11. Decíamos: “nada acaba de ser —esto es, permanecer— porque todo se encuentra sujeto a la exigencia de permanecer”. Sin embargo, ¿permanecer como qué? No como algo en concreto —pues lo concreto es, en cualquier caso, provisional o relativo—, sino como absoluto o en verdad real, esto es, como lo que siempre tiene lugar y no simplemente pasa. Sin embargo, solo la nada del puro haber permanece como absoluto —como lo imposible que soporta lo posible. Espontáneamente decimos que lo sensible se encuentra sometido al tiempo —que todo lo que cabe ver y tocar termina desapareciendo— porque en lo concreto hay algo así como un déficit de ser. Sin embargo, este déficit es debido a que lo concreto participa de lo real, por decirlo a la platónica. Pues, como hemos visto, la desaparición del puro haber es el envés —la otra cara— de su aparecer en lo concreto. En tanto que lo que permanece es que (la) nada del puro haber permanece como el fondo invisible de lo visible —en tanto que la negación del haber como puro haber es lo presupuesto en el haber de lo concreto—, ser por entero es ser en el tiempo (y por eso mismo, no terminar de ser).

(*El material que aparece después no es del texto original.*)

(* Let $(X_{1,\infty},f_{1,\infty},\mu_{1,\infty})$ and $(Y_{1,\infty},g_{1,\infty},\nu_{1,\infty})$ be metric nonautonomous dynamical systems with admissible classes $\mathcal{E}$ (for $f_{1,\infty}$) and $\mathcal{F}$ (for $g_{1,\infty}$), respectively. Let $\pi_{1,\infty}=\{\pi_n\}$ be an $\mathcal{E}$-$\mathcal{F}$-semiconjugacy from $f_{1,\infty}$ to $g_{1,\infty}$. Then $h_{\mathcal{F}}(g_{1,\infty})\le h_{\mathcal{E}}(f_{1,\infty})$.
   Context: A metric NDS consists of probability spaces $(X_n,\mathcal{A}_n,\mu_n)$ and measurable maps $f_n:X_n\to X_{n+1}$ with $f_n\mu_n=\mu_{n+1}$. Notation: $f_k^n=f_{k+n-1}\circ\cdots\circ f_k$, $f_k^0=\mathrm{id}$, $f_k^{-n}$ = preimage under $f_k^n$. $H_\mu(\mathcal{P})=-\sum_P\mu(P)\log\mu(P)$; $h(f_{1,\infty};\mathcal{P}_{1,\infty})=\limsup_n\frac1nH_{\mu_1}(\bigvee_{i=0}^{n-1}f_1^{-i}\mathcal{P}_{i+1})$ for sequences $\mathcal{P}_{1,\infty}=\{\mathcal{P}_n\}$ of finite measurable partitions of $X_n$; $h_{\mathcal{E}}(f_{1,\infty})=\sup_{\mathcal{P}_{1,\infty}\in\mathcal{E}}h(f_{1,\infty};\mathcal{P}_{1,\infty})$. Admissible class: a nonempty class $\mathcal{E}$ of such sequences satisfying (A) each member has uniformly bounded cardinalities $\#\mathcal{P}_n\le N$; (B) closed under passing to coarser sequences (termwise coarser); (C) closed under $\mathcal{P}_{1,\infty}\mapsto\{\bigvee_{i=0}^{m-1}f_k^{-i}\mathcal{P}_{k+i}\}_{k\ge1}$ for every $m\ge1$. An $\mathcal{E}$-$\mathcal{F}$-semiconjugacy is a sequence of measurable maps $\pi_n:X_n\to Y_n$ with $\pi_n\mu_n=\nu_n$ and $\pi_{n+1}\circ f_n=g_n\circ\pi_n$ for all $n$, such that $\{\mathcal{P}_n\}\in\mathcal{F}$ implies $\{\pi_n^{-1}(\mathcal{P}_n)\}\in\mathcal{E}$. *)

theory Defs
  imports "HOL-Probability.Probability"
begin

text \<open>Conventions: indices start at 0 (X_0, X_1, ...) instead of 1; this is a pure
  reindexing of the paper's setup.\<close>

definition is_partition :: "'a measure \<Rightarrow> 'a set set \<Rightarrow> bool" where
  "is_partition M P \<longleftrightarrow> finite P \<and> P \<subseteq> sets M \<and> {} \<notin> P \<and>
     (\<forall>A\<in>P. \<forall>B\<in>P. A \<noteq> B \<longrightarrow> A \<inter> B = {}) \<and> \<Union>P = space M"

definition coarser :: "'a set set \<Rightarrow> 'a set set \<Rightarrow> bool" where
  "coarser Q P \<longleftrightarrow> (\<forall>A\<in>P. \<exists>B\<in>Q. A \<subseteq> B)"

definition join :: "'a set set \<Rightarrow> 'a set set \<Rightarrow> 'a set set" where
  "join P Q = {A \<inter> B | A B. A \<in> P \<and> B \<in> Q} - {{}}"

Pues el haber implica desaparecer como tal en su aparecer —en su darse como haber de lo concreto. Así, eternidad y tiempo no son opuestos, sino las dos caras de lo mismo. O por decirlo a la platónica, el tiempo es una imitación de la eternidad. Pero esto es así —y aquí ya nos alejamos de Platón— porque el tiempo —que lo que es no acabe de ser— es el darse de la eternidad.

Protegido: apuntes antropología (2022)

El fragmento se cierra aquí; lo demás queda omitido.